TASK ITEM:
Once the line containing "proof (intro allI impI)" is found in the records below, return it and each following line exactly, up to and including the line containing "by (simp add: TR_def", and nothing else.

[Items from a dataset]
####################

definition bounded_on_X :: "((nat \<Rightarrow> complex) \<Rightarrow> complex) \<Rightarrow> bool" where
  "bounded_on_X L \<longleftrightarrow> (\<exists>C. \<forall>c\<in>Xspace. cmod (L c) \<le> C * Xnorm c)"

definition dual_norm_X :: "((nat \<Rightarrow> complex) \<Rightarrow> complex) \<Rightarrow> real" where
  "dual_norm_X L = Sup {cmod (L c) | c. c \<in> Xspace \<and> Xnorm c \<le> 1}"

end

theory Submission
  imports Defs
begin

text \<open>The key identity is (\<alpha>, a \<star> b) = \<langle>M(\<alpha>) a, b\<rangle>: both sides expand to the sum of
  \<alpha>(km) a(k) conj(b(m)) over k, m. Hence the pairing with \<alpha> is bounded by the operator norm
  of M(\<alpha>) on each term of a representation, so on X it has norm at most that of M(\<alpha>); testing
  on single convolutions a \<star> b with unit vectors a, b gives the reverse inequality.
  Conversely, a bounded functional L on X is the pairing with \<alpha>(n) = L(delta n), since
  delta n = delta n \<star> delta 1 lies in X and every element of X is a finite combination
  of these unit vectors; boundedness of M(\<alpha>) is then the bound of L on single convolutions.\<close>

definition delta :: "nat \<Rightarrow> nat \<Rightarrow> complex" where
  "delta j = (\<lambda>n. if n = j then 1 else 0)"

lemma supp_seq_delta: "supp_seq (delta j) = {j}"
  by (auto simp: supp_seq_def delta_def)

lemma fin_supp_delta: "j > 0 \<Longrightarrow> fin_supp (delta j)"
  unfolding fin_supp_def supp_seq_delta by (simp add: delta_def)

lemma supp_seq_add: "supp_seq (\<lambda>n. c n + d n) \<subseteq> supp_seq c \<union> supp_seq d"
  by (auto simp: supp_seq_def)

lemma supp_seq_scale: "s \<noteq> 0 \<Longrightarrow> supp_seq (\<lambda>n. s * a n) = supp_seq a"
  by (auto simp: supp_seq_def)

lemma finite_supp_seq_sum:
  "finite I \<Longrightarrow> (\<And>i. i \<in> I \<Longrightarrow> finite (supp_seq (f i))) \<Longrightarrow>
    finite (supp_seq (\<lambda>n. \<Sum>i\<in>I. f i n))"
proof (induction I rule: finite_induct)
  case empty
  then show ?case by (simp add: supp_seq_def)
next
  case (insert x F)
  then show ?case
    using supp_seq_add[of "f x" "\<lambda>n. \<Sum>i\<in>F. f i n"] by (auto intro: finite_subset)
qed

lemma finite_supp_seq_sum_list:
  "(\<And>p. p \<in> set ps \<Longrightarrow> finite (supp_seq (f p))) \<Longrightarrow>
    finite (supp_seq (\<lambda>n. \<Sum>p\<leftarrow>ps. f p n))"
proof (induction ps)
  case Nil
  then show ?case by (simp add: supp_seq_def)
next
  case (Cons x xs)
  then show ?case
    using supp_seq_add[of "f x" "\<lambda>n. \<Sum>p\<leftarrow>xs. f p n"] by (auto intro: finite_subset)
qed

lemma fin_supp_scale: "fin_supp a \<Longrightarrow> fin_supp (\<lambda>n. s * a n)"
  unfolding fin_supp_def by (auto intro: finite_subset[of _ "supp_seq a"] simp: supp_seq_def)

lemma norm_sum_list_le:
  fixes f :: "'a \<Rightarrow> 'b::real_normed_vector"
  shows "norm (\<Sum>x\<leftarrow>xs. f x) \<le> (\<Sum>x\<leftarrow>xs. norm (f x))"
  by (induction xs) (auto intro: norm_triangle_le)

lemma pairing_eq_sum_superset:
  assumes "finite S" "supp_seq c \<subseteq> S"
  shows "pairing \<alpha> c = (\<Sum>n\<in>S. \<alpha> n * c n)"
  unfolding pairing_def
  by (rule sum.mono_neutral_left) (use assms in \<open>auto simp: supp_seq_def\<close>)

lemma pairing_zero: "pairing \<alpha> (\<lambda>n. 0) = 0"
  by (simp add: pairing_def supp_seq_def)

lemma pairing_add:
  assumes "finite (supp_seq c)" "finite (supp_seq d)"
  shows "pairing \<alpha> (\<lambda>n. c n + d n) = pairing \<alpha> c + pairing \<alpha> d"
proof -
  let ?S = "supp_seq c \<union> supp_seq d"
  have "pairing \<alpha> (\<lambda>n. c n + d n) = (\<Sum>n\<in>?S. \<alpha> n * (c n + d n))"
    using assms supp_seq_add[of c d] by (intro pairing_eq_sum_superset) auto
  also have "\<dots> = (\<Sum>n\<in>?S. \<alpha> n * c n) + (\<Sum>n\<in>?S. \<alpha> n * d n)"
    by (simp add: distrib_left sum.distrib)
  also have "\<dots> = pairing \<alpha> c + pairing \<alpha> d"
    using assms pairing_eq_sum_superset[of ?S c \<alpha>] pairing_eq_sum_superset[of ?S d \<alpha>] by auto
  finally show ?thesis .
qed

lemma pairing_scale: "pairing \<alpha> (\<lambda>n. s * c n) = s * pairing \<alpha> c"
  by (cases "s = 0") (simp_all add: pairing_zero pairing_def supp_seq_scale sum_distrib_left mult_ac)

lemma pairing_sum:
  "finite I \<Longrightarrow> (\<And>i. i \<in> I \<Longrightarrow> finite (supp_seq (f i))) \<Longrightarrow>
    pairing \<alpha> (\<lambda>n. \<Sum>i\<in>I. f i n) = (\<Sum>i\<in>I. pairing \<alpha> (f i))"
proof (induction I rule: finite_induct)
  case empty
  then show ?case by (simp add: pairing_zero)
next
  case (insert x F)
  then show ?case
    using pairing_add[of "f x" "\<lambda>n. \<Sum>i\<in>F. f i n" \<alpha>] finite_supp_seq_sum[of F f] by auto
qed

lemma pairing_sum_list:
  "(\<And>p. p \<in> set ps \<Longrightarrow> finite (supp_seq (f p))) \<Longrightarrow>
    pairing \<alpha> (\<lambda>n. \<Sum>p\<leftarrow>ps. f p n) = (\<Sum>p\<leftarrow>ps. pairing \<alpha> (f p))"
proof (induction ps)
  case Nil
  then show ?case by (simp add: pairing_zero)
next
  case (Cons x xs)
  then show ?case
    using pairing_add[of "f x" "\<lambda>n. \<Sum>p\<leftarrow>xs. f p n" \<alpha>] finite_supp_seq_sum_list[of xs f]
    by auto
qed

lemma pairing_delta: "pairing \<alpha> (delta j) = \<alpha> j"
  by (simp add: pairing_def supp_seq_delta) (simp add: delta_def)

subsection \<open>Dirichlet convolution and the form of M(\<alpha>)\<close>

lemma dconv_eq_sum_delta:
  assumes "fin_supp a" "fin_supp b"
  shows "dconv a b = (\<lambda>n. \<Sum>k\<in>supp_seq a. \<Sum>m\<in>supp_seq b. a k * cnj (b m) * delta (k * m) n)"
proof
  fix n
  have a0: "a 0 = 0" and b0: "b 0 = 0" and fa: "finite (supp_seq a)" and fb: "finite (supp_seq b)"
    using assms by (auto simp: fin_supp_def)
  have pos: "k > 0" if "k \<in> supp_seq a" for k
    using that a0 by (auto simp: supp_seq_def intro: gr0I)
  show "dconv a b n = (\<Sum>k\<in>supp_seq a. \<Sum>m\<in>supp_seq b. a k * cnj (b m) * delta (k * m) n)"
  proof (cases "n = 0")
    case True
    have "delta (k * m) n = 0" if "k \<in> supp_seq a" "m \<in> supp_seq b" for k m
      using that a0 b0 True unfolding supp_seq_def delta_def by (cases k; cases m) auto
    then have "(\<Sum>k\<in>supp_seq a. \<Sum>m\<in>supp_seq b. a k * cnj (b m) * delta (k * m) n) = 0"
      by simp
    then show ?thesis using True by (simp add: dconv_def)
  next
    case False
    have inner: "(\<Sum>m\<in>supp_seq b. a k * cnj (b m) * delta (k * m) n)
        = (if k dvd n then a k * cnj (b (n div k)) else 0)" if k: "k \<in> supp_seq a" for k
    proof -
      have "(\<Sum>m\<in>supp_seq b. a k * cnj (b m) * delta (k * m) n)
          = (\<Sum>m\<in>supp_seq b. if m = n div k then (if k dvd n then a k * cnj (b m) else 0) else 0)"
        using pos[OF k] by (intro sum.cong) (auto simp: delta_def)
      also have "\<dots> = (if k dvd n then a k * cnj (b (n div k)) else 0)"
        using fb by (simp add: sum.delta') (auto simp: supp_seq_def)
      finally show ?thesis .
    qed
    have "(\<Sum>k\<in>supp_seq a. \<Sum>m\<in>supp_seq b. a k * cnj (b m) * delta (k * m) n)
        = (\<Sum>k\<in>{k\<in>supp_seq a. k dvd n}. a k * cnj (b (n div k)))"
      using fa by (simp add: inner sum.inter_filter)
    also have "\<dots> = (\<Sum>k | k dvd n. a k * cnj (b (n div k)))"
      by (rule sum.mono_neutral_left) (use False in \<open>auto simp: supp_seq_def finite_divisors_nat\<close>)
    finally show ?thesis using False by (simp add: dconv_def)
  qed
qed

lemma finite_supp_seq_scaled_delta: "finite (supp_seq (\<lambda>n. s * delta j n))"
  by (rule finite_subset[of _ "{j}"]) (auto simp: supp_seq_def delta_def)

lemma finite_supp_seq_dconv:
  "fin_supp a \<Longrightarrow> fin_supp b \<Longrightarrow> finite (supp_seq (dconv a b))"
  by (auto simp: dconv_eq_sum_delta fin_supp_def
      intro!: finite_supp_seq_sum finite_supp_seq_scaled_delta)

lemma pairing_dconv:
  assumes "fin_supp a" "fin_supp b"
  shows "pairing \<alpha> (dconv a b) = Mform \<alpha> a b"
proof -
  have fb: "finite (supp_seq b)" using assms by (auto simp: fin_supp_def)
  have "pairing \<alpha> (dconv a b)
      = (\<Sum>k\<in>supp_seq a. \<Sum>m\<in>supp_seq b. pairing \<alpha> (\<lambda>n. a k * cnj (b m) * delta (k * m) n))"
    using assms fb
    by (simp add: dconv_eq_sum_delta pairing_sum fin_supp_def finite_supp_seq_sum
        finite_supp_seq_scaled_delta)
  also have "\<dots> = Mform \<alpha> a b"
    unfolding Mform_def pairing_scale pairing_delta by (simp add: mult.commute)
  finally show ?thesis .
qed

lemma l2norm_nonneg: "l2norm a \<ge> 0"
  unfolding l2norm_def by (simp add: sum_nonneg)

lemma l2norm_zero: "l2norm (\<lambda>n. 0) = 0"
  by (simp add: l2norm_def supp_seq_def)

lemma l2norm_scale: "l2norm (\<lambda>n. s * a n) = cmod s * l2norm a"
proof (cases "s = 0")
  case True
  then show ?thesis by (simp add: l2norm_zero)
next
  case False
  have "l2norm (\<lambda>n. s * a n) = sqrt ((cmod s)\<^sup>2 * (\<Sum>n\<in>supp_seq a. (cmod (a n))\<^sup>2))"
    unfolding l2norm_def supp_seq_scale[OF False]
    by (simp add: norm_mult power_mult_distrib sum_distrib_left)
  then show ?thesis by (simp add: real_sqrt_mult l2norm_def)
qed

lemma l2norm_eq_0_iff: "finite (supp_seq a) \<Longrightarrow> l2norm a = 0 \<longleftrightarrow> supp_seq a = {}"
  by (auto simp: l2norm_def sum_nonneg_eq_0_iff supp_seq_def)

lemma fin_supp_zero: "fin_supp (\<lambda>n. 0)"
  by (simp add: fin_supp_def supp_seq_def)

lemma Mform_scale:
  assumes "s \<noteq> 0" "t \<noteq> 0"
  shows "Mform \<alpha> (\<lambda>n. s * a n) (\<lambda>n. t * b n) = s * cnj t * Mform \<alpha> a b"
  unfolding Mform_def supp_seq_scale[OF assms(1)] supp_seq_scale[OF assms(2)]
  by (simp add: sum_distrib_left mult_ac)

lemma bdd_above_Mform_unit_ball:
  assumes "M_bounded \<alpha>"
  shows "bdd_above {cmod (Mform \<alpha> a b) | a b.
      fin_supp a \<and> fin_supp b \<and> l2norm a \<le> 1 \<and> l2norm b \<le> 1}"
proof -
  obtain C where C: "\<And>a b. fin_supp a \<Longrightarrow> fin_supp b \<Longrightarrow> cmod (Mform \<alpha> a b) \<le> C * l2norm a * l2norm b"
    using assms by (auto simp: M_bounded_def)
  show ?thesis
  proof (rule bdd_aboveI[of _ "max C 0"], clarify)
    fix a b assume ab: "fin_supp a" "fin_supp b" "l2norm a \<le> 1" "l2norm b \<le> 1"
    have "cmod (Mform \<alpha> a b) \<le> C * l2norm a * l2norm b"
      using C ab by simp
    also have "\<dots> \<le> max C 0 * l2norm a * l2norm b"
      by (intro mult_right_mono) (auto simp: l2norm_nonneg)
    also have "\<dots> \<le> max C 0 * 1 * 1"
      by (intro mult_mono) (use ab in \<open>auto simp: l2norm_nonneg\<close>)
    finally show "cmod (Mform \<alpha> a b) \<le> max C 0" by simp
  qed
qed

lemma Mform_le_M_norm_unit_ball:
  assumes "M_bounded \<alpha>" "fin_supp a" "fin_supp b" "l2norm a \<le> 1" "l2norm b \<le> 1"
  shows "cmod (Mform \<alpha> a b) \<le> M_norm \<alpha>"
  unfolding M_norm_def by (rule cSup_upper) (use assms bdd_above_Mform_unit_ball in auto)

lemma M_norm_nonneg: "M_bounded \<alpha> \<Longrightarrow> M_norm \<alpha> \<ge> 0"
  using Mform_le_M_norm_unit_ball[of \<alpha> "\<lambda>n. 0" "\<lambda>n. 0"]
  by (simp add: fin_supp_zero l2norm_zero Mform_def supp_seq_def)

####################

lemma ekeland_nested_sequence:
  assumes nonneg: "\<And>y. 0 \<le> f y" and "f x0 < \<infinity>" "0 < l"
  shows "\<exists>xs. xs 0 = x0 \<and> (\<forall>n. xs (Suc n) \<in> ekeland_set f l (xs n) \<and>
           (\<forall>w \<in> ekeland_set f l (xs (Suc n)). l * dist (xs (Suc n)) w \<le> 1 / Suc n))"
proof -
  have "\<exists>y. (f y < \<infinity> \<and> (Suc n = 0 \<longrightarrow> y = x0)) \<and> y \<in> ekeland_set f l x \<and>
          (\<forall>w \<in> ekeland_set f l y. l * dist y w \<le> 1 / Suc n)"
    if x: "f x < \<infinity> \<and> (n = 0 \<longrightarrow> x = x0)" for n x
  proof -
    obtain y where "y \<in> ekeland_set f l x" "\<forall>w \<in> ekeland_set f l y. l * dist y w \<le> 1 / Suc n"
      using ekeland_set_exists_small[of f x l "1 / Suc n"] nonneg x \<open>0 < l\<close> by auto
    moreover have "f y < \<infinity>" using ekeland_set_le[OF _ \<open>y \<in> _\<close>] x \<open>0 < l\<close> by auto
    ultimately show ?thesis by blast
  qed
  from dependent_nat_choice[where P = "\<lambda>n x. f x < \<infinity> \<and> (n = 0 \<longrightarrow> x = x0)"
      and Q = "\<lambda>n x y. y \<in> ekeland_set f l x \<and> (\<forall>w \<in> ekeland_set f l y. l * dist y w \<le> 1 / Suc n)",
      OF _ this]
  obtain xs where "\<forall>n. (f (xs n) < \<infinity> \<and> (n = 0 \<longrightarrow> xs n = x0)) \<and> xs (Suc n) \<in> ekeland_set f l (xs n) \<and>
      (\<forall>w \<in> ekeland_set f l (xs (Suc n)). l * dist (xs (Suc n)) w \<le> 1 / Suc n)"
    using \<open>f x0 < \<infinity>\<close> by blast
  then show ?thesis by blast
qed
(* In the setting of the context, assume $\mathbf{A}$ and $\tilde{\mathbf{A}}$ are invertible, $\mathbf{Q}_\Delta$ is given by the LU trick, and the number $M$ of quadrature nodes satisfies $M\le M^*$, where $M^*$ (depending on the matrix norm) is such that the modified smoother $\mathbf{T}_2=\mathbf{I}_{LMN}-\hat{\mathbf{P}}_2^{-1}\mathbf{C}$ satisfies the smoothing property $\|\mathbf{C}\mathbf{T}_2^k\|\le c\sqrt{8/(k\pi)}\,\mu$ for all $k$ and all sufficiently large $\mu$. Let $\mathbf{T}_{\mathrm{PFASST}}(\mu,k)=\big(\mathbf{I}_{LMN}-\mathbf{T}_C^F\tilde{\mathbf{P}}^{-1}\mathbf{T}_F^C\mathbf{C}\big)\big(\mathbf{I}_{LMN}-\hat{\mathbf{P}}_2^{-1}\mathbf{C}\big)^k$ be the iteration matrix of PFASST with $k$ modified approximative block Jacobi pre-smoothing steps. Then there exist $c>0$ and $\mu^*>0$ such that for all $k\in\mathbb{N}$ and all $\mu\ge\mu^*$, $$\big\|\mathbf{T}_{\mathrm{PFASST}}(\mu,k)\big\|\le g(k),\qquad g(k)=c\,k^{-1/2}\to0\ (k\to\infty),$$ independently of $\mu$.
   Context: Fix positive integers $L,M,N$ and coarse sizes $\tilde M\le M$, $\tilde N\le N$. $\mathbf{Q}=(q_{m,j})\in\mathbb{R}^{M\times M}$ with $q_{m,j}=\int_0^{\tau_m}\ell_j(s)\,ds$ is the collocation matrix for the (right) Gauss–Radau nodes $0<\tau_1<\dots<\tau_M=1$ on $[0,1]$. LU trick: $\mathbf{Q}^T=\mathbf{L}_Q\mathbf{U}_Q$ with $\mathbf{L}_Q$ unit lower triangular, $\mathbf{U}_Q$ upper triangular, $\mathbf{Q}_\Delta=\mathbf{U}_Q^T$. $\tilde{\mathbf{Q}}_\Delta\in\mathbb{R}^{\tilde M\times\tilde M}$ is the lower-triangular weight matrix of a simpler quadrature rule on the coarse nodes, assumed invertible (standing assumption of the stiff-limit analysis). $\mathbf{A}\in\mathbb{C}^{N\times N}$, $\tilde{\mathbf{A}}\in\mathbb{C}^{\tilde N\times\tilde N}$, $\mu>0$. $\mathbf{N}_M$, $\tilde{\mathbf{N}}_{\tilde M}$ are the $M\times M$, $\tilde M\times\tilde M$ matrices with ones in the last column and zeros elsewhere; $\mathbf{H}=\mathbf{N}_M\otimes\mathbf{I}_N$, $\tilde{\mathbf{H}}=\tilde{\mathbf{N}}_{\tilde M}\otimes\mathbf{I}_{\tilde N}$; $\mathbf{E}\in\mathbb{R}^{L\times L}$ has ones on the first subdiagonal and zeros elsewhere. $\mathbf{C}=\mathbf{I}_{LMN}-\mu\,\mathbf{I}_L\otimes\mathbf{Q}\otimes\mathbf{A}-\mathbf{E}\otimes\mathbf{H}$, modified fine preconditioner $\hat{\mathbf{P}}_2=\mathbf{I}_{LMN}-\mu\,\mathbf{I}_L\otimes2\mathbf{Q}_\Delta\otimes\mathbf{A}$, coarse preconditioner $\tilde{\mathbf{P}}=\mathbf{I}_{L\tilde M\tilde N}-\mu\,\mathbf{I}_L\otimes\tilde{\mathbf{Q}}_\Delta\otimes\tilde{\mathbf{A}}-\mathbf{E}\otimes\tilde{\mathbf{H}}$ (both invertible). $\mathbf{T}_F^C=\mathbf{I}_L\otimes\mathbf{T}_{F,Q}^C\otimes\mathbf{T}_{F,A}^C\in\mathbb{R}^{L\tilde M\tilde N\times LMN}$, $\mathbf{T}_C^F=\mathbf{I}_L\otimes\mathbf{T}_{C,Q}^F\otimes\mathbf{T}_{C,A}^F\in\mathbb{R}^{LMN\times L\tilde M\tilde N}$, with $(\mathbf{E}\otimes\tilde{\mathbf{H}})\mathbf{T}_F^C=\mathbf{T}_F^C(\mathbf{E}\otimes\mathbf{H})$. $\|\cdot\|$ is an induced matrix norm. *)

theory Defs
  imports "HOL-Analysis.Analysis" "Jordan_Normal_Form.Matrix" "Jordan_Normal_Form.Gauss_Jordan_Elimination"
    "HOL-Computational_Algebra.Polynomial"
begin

####################

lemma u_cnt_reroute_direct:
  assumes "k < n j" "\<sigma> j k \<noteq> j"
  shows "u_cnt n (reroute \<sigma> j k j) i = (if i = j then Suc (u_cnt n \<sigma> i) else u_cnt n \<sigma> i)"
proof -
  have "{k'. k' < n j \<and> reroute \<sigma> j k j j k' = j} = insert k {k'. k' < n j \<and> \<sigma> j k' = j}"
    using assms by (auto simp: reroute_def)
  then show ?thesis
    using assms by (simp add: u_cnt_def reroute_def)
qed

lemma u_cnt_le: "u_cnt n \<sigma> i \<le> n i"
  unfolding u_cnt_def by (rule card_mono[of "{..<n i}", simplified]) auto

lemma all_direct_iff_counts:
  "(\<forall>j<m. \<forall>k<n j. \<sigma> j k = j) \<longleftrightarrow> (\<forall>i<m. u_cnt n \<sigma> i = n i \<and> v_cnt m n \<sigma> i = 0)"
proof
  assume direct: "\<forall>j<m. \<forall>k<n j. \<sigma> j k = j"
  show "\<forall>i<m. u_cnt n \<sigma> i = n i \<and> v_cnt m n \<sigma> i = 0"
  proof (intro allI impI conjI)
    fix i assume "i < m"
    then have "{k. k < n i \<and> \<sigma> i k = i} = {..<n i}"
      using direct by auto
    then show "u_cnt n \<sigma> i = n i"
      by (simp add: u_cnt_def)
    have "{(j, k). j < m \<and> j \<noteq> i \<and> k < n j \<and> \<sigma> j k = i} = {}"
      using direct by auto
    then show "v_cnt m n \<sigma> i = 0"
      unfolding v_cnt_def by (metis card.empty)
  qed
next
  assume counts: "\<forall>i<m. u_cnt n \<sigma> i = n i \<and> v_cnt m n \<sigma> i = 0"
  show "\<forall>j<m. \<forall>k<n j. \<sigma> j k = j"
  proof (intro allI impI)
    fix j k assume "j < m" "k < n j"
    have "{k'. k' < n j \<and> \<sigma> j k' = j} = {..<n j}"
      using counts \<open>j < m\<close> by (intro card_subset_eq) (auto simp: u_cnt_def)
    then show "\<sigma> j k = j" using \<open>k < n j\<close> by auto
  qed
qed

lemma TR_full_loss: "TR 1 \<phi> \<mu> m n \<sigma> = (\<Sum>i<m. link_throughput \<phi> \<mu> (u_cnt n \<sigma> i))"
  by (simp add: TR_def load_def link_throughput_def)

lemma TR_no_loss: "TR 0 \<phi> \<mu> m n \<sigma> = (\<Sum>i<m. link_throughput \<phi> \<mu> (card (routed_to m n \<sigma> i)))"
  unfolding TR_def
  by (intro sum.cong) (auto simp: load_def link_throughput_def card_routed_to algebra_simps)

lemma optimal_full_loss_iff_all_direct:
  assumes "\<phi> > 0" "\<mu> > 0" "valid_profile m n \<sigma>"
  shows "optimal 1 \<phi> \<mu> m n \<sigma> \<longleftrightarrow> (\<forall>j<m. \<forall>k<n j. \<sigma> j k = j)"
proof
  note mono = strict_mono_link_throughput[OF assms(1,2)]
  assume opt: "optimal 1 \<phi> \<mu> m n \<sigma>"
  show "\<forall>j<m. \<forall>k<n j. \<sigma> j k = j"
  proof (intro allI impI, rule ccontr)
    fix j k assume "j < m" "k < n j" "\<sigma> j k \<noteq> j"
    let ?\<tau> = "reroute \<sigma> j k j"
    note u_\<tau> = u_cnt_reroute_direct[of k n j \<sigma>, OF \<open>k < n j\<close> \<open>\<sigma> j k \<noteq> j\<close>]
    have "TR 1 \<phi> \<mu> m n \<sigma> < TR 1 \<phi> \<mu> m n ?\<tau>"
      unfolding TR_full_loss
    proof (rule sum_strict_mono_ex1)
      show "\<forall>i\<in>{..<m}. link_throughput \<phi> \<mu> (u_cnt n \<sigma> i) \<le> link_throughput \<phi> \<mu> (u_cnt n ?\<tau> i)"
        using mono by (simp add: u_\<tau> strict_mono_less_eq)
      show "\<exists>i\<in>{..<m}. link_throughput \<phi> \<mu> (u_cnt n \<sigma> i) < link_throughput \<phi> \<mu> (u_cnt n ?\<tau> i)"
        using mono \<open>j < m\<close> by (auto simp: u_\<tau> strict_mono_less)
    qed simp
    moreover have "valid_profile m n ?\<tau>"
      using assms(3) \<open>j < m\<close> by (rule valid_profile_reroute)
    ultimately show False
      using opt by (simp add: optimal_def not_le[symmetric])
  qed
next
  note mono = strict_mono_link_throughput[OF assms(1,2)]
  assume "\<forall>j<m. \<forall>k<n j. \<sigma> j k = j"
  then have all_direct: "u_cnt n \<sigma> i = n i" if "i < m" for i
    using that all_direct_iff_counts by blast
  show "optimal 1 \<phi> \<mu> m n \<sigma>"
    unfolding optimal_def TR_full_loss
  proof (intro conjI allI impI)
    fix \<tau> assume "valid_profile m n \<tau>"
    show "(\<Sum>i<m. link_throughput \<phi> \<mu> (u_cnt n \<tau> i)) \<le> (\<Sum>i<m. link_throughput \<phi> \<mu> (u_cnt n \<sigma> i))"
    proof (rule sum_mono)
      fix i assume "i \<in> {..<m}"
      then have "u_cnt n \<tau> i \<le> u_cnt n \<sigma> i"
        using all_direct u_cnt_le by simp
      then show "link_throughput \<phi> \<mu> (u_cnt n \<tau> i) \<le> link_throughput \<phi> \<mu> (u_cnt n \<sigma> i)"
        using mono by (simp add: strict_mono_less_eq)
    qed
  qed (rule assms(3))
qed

####################

EXPECTED ANSWER:
  proof (intro allI impI)
    fix j k assume "j < m" "k < n j"
    have "{k'. k' < n j \<and> \<sigma> j k' = j} = {..<n j}"
      using counts \<open>j < m\<close> by (intro card_subset_eq) (auto simp: u_cnt_def)
    then show "\<sigma> j k = j" using \<open>k < n j\<close> by auto
  qed
qed

lemma TR_full_loss: "TR 1 \<phi> \<mu> m n \<sigma> = (\<Sum>i<m. link_throughput \<phi> \<mu> (u_cnt n \<sigma> i))"
  by (simp add: TR_def load_def link_throughput_def)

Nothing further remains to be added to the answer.